*** Block opens ***

lemma chain_pullback:
  assumes EP: "\<And>j. j \<le> q \<Longrightarrow> E j \<in> P"
    and ab: "\<And>j. j \<le> q \<Longrightarrow> lo (E j) \<le> a j \<and> a j \<le> b j \<and> b j \<le> hi (E j)"
    and cov: "\<And>j. j < q \<Longrightarrow> piece (E (Suc j)) (a (Suc j)) (b (Suc j)) \<subseteq> FX (E j) ` piece (E j) (a j) (b j)"
    and cd: "a q \<le> c" "c \<le> d" "d \<le> b q"
  shows "\<exists>s t. a 0 \<le> s \<and> s \<le> t \<and> t \<le> b 0 \<and> FX_chain E q ` piece (E 0) s t = piece (E q) c d \<and>
           (\<forall>j\<le>q. FX_chain E j ` piece (E 0) s t \<subseteq> piece (E j) (a j) (b j))"
  using EP ab cov cd
proof (induction q arbitrary: c d)
  case 0
  have "FX_chain E 0 = id" by (rule ext) simp
  then show ?case using 0 by (intro exI[of _ c] exI[of _ d]) auto
next
  case (Suc q)
  have EPq: "E q \<in> P" "E (Suc q) \<in> P" using Suc.prems(1) by auto
  have abq: "lo (E q) \<le> a q" "a q \<le> b q" "b q \<le> hi (E q)" using Suc.prems(2)[of q] by auto
  have cdS: "lo (E (Suc q)) \<le> c" "d \<le> hi (E (Suc q))" using Suc.prems(2)[of "Suc q"] Suc.prems(4-6) by auto
  have "piece (E (Suc q)) c d \<subseteq> piece (E (Suc q)) (a (Suc q)) (b (Suc q))"
    using Suc.prems(4,6) by auto
  then have sub: "piece (E (Suc q)) c d \<subseteq> FX (E q) ` piece (E q) (a q) (b q)"
    using Suc.prems(3)[of q] by blast
  have "branch_of (E (Suc q)) = lab (E q)"
  proof (rule branch_of_FX_target[OF EPq])
    have "\<phi> (branch_of (E (Suc q))) c \<in> piece (E (Suc q)) c d" using Suc.prems(5) by auto
    then show "E (Suc q) \<inter> FX (E q) ` piece (E q) (a q) (b q) \<noteq> {}"
      using sub piece_subset_P[OF EPq(2) cdS] by blast
    show "piece (E q) (a q) (b q) \<subseteq> E q" using piece_subset_P[OF EPq(1)] abq by auto
  qed
  moreover have "0 \<le> c" "d \<le> 1" using cdS lo_hi[OF EPq(2)] by auto
  ultimately obtain s' t' where st': "a q \<le> s'" "s' \<le> t'" "t' \<le> b q"
    and img: "FX (E q) ` piece (E q) s' t' = piece (E (Suc q)) c d"
    using FX_cover_step[OF EPq(1) abq, of c d "branch_of (E (Suc q))"] sub Suc.prems(5) by auto
  obtain s t where st: "a 0 \<le> s" "s \<le> t" "t \<le> b 0" "FX_chain E q ` piece (E 0) s t = piece (E q) s' t'"
    and inside: "\<forall>j\<le>q. FX_chain E j ` piece (E 0) s t \<subseteq> piece (E j) (a j) (b j)"
    using Suc.IH[of s' t'] Suc.prems(1-3) st' by auto
  have "FX_chain E (Suc q) ` piece (E 0) s t = FX (E q) ` FX_chain E q ` piece (E 0) s t"
    by (auto simp: image_image)
  then have "FX_chain E (Suc q) ` piece (E 0) s t = piece (E (Suc q)) c d" using st(4) img by simp
  moreover have "piece (E (Suc q)) c d \<subseteq> piece (E (Suc q)) (a (Suc q)) (b (Suc q))"
    using Suc.prems(4,6) by auto
  ultimately show ?case using st inside by (intro exI[of _ s] exI[of _ t]) (auto simp: le_Suc_eq)
qed

lemma chain_fixed_point:
  assumes EP: "\<And>j. j \<le> q \<Longrightarrow> E j \<in> P"
    and ab: "\<And>j. j \<le> q \<Longrightarrow> lo (E j) \<le> a j \<and> a j \<le> b j \<and> b j \<le> hi (E j)"
    and cov: "\<And>j. j < q \<Longrightarrow> piece (E (Suc j)) (a (Suc j)) (b (Suc j)) \<subseteq> FX (E j) ` piece (E j) (a j) (b j)"
    and closing: "E q = E 0" "a q \<le> a 0" "b 0 \<le> b q"
  shows "\<exists>x. (\<forall>j\<le>q. FX_chain E j x \<in> piece (E j) (a j) (b j)) \<and> FX_chain E q x = x"
proof -
  obtain s t where st: "a 0 \<le> s" "s \<le> t" "t \<le> b 0"
    and onto: "FX_chain E q ` piece (E 0) s t = piece (E 0) (a 0) (b 0)"
    and inside: "\<forall>j\<le>q. FX_chain E j ` piece (E 0) s t \<subseteq> piece (E j) (a j) (b j)"
    using chain_pullback[of q E a b "a 0" "b 0", OF EP ab cov] closing ab[of 0] by auto
  let ?i = "branch_of (E 0)"
  have i: "?i \<in> \<Lambda>" using branch_of_in_Lambda EP[of 0] by simp
  have ab0: "0 \<le> a 0" "b 0 \<le> 1" using ab[of 0] lo_hi[OF EP[of 0]] by auto
  define f where "f u = phi_inv ?i (FX_chain E q (\<phi> ?i u))" for u
  have "FX_chain E q ` \<phi> ?i ` {s..t} \<subseteq> branch ?i" using onto ab0 by auto
  then have "continuous_on {s..t} f"
    unfolding f_def using ab0 st by (intro continuous_on_phi_inv_comp[OF i i] continuous_FX_chain) auto
  moreover have "f ` {s..t} = {a 0..b 0}"
  proof -
    have "f ` {s..t} = phi_inv ?i ` FX_chain E q ` piece (E 0) s t" by (simp add: f_def image_image)
    also have "\<dots> = phi_inv ?i ` piece (E 0) (a 0) (b 0)" by (simp only: onto)
    also have "\<dots> = (\<lambda>u. phi_inv ?i (\<phi> ?i u)) ` {a 0..b 0}" by (simp add: image_image)
    also have "\<dots> = (\<lambda>u. u) ` {a 0..b 0}" by (rule image_cong) (use phi_inv_phi[OF i] ab0 in auto)
    finally show ?thesis by simp
  qed
  ultimately obtain u where u: "u \<in> {s..t}" "f u = u"
    using continuous_on_interval_fixed_point[of s t f] st by auto
  let ?x = "\<phi> ?i u"
  have x: "?x \<in> piece (E 0) s t" using u(1) by simp
  have "FX_chain E q ?x \<in> branch ?i"
    using imageI[OF x, of "FX_chain E q"] unfolding onto using ab0 by auto
  then have "FX_chain E q ?x = \<phi> ?i (phi_inv ?i (FX_chain E q ?x))" using phi_phi_inv by metis
  also have "\<dots> = ?x" using u(2) by (simp add: f_def)
  finally have fixed: "FX_chain E q ?x = ?x" .
  have "FX_chain E j ?x \<in> piece (E j) (a j) (b j)" if "j \<le> q" for j
    using imageI[OF x, of "FX_chain E j"] inside that by blast
  then show ?thesis using fixed by blast
qed

lemma Fpow_FX_chain_fixed_point:
  assumes q: "1 \<le> q" and x: "x \<in> tsp" and fx: "FX_chain E q x = x"
  defines "W \<equiv> \<Sum>k<q. p (E k)"
  shows "(F ^^ q) x = sh W x"
    and "(F ^^ n) x = sh (int (n div q) * W + (\<Sum>k<n mod q. p (E k))) (FX_chain E (n mod q) x)"
proof -
  have chain: "(F ^^ j) x = sh (\<Sum>k<j. p (E k)) (FX_chain E j x)" for j
    using FX_chain_Fpow[OF x] Fpow_in_top[OF x] sh_add by simp
  show Fq: "(F ^^ q) x = sh W x" using chain[of q] fx by (simp add: W_def)
  have Fkq: "(F ^^ (k * q)) x = sh (int k * W) x" for k
  proof (induction k)
    case (Suc k)
    have "(F ^^ (Suc k * q)) x = (F ^^ q) ((F ^^ (k * q)) x)" by (simp add: funpow_add)
    also have "\<dots> = sh (int k * W) ((F ^^ q) x)" using Suc Fpow_sh_commute x by simp
    also have "\<dots> = sh (int (Suc k) * W) x" using Fq sh_add x by (simp add: algebra_simps)
    finally show ?case .
  qed simp
  have "(F ^^ n) x = (F ^^ (n mod q)) ((F ^^ ((n div q) * q)) x)"
    by (metis comp_apply funpow_add mod_div_mult_eq)
  also have "\<dots> = sh (int (n div q) * W) ((F ^^ (n mod q)) x)" using Fkq Fpow_sh_commute x by simp
  also have "\<dots> = sh (int (n div q) * W + (\<Sum>k<n mod q. p (E k))) (FX_chain E (n mod q) x)"
    using chain[of "n mod q"] sh_add FX_chain_in_top x by simp
  finally show "(F ^^ n) x = sh (int (n div q) * W + (\<Sum>k<n mod q. p (E k))) (FX_chain E (n mod q) x)" .
qed
lemma run_simulation:
  assumes rules: "\<forall>r\<in>R'. (\<exists>r0\<in>R. \<exists>h. translates h r0 r) \<or> forwarding_rule r"
    and run: "msr_run (ipersistent per) E R' S tr"
  shows "\<exists>So tro. msr_run per E R So tro \<and> sim_state per E S So
           \<and> filter (\<lambda>a. a \<noteq> {#}) tr = map (image_mset lift_fact) (filter (\<lambda>a. a \<noteq> {#}) tro)"
  using run
proof (induction rule: msr_run.induct)
  case run_empty
  have "sim_state per E {#} {#}"
    by (simp add: sim_state_def equal_upto_persistent_def abs_state_def ground_mset_def
        lin_part_def per_part_def)
  then show ?case by (intro exI[of _ "{#}"] exI[of _ "[]"]) (simp add: msr_run.run_empty)
next
  case (run_step S tr a S')
  then obtain So tro where run: "msr_run per E R So tro" and sim: "sim_state per E S So"
    and trace: "filter (\<lambda>a. a \<noteq> {#}) tr = map (image_mset lift_fact) (filter (\<lambda>a. a \<noteq> {#}) tro)"
    by blast
  obtain r where "r \<in> R'" and step: "msr_step (ipersistent per) E {r} S a S'"
    using msr_step_singleton_iff[THEN iffD1, OF run_step.hyps(2)] by blast
  with rules consider r0 h where "r0 \<in> R" "translates h r0 r" | "forwarding_rule r"
    by blast
  then show ?case
  proof cases
    case 1
    then obtain So' where "msr_step per E {r0} So (image_mset unbuf_fact a) So'"
      and sim': "sim_state per E S' So'" and lift: "image_mset lift_fact (image_mset unbuf_fact a) = a"
      using translated_step_simulation step sim by blast
    then have "msr_step per E R So (image_mset unbuf_fact a) So'"
      using msr_step_singleton_iff[THEN iffD2] \<open>r0 \<in> R\<close> by blast
    then have "msr_run per E R So' (tro @ [image_mset unbuf_fact a])"
      by (rule msr_run.run_step[OF run])
    moreover have "filter (\<lambda>a. a \<noteq> {#}) (tr @ [a])
        = map (image_mset lift_fact) (filter (\<lambda>a. a \<noteq> {#}) (tro @ [image_mset unbuf_fact a]))"
      using trace lift by auto
    ultimately show ?thesis using sim' by blast
  next
    case 2
    then have "a = {#}" and sim': "sim_state per E S' So"
      using forwarding_step_stutters step sim by blast+
    then have "filter (\<lambda>a. a \<noteq> {#}) (tr @ [a])
        = map (image_mset lift_fact) (filter (\<lambda>a. a \<noteq> {#}) tro)"
      using trace by simp
    then show ?thesis using run sim' by blast
  qed
qed

lemma role_acts_unbuffered:
  assumes pf: "protocol_format \<Sigma> n Renv Rrole" and i: "i \<in> {1..n}" and r0: "r0 \<in> Rrole i"
    and f: "f \<in># acts r0"
  shows "fsym f \<notin> Sin_minus \<Sigma> n \<union> Sout \<Sigma>"
proof -
  have env: "Sin \<Sigma> \<union> Sout \<Sigma> \<subseteq> Senv \<Sigma> \<and> Sact \<Sigma> \<inter> Senv \<Sigma> = {}
      \<and> Senv \<Sigma> \<inter> Sstate \<Sigma> i = {} \<and> symFr \<Sigma> \<in> Sin \<Sigma>"
    using pf i unfolding protocol_format_def by (elim conjE) simp
  have "\<exists>g\<in>#concs r0. fsym g \<in> Sstate \<Sigma> i"
    using pf i r0 unfolding protocol_format_def by blast
  then have "\<not> is_fresh_rule (symFr \<Sigma>) r0"
    using env unfolding is_fresh_rule_def fresh_rule_def by auto
  then have "syms (acts r0) \<subseteq> Sact \<Sigma>"
    using pf i r0 unfolding protocol_format_def by blast
  then have "fsym f \<in> Sact \<Sigma>"
    using f unfolding syms_def by blast
  then show ?thesis using env unfolding Sin_minus_def by blast
qed

lemma translates_lift_rule: "translates lift_fact r0 (lift_rule r0)"
  by (simp add: translates_def lift_rule_def unbuf_inverse_lift_fact)

lemma translates_buf_rule:
  assumes "\<And>f. f \<in># acts r0 \<Longrightarrow> fsym f \<notin> Sin_minus \<Sigma> n \<union> Sout \<Sigma>"
  shows "translates (buf_fact \<Sigma> n i (thread_id \<Sigma> i r0)) r0 (buf_rule \<Sigma> n i r0)"
  using assms unbuf_inverse_buf_fact
  by (auto simp: translates_def buf_rule_def buf_fact_def Let_def intro: image_mset_cong)

lemma io_rules_forwarding: "r \<in> io_rules \<Sigma> n i \<Longrightarrow> forwarding_rule r"
  unfolding io_rules_def forwarding_rule_def by (auto simp: unbuf_fact_def subst_fact_def)

lemma R_intf_rules:
  assumes pf: "protocol_format \<Sigma> n Renv Rrole" and r: "r \<in> R_intf \<Sigma> n Renv Rrole"
  shows "(\<exists>r0\<in>R_orig n Renv Rrole. \<exists>h. translates h r0 r) \<or> forwarding_rule r"
  using r unfolding R_intf_def R_io_def
proof (elim UnE)
  assume "r \<in> (\<Union>i\<in>{1..n}. Rrole_intf \<Sigma> n Rrole i)"
  then obtain i r0 where i: "i \<in> {1..n}" and r0: "r0 \<in> Rrole i" and "r = buf_rule \<Sigma> n i r0"
    by (auto simp: Rrole_intf_def)
  then have "translates (buf_fact \<Sigma> n i (thread_id \<Sigma> i r0)) r0 r"
    using translates_buf_rule role_acts_unbuffered[OF pf i r0] by blast
  then show ?thesis using i r0 by (auto simp: R_orig_def)
qed (auto simp: R_orig_def setup_rules_def io_rules_forwarding intro: translates_lift_rule)

theorem lemma1:
  fixes \<Sigma> :: "'s fsig" and n :: nat
    and Renv :: "('s,'f,'n,'v) rule set" and Rrole :: "nat \<Rightarrow> ('s,'f,'n,'v) rule set"
    and E :: "(('f,'n,'v) trm \<times> ('f,'n,'v) trm) set"
  assumes "protocol_format \<Sigma> n Renv Rrole"
  shows "Tr' (ipersistent (persistent \<Sigma>)) E (R_intf \<Sigma> n Renv Rrole)
           \<subseteq> map (image_mset lift_fact) ` Tr' (persistent \<Sigma>) E (R_orig n Renv Rrole)"
proof
  fix x assume "x \<in> Tr' (ipersistent (persistent \<Sigma>)) E (R_intf \<Sigma> n Renv Rrole)"
  then obtain tr S where x: "x = filter (\<lambda>a. a \<noteq> {#}) tr"
    and run: "msr_run (ipersistent (persistent \<Sigma>)) E (R_intf \<Sigma> n Renv Rrole) S tr"
    by (auto simp: Tr'_def Tr_def)
  have "\<forall>r\<in>R_intf \<Sigma> n Renv Rrole.
      (\<exists>r0\<in>R_orig n Renv Rrole. \<exists>h. translates h r0 r) \<or> forwarding_rule r"
    using R_intf_rules[OF assms] by blast
  from run_simulation[OF this run] obtain So tro
    where "msr_run (persistent \<Sigma>) E (R_orig n Renv Rrole) So tro"
      and "x = map (image_mset lift_fact) (filter (\<lambda>a. a \<noteq> {#}) tro)"
    using x by blast
  then show "x \<in> map (image_mset lift_fact) ` Tr' (persistent \<Sigma>) E (R_orig n Renv Rrole)"
    by (auto simp: Tr'_def Tr_def)
qed

end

*** Block closes ***

| REQUIRED WORK |
An exact copy of the lines above, from the one containing "proof (induction q arbitrary: c d)" down to the one containing "EPq(2)] by auto" and including both, is the whole answer; retype it and nothing else.

| YOUR SOLUTION |
proof (induction q arbitrary: c d)
  case 0
  have "FX_chain E 0 = id" by (rule ext) simp
  then show ?case using 0 by (intro exI[of _ c] exI[of _ d]) auto
next
  case (Suc q)
  have EPq: "E q \<in> P" "E (Suc q) \<in> P" using Suc.prems(1) by auto
  have abq: "lo (E q) \<le> a q" "a q \<le> b q" "b q \<le> hi (E q)" using Suc.prems(2)[of q] by auto
  have cdS: "lo (E (Suc q)) \<le> c" "d \<le> hi (E (Suc q))" using Suc.prems(2)[of "Suc q"] Suc.prems(4-6) by auto
  have "piece (E (Suc q)) c d \<subseteq> piece (E (Suc q)) (a (Suc q)) (b (Suc q))"
    using Suc.prems(4,6) by auto
  then have sub: "piece (E (Suc q)) c d \<subseteq> FX (E q) ` piece (E q) (a q) (b q)"
    using Suc.prems(3)[of q] by blast
  have "branch_of (E (Suc q)) = lab (E q)"
  proof (rule branch_of_FX_target[OF EPq])
    have "\<phi> (branch_of (E (Suc q))) c \<in> piece (E (Suc q)) c d" using Suc.prems(5) by auto
    then show "E (Suc q) \<inter> FX (E q) ` piece (E q) (a q) (b q) \<noteq> {}"
      using sub piece_subset_P[OF EPq(2) cdS] by blast
    show "piece (E q) (a q) (b q) \<subseteq> E q" using piece_subset_P[OF EPq(1)] abq by auto
  qed
  moreover have "0 \<le> c" "d \<le> 1" using cdS lo_hi[OF EPq(2)] by auto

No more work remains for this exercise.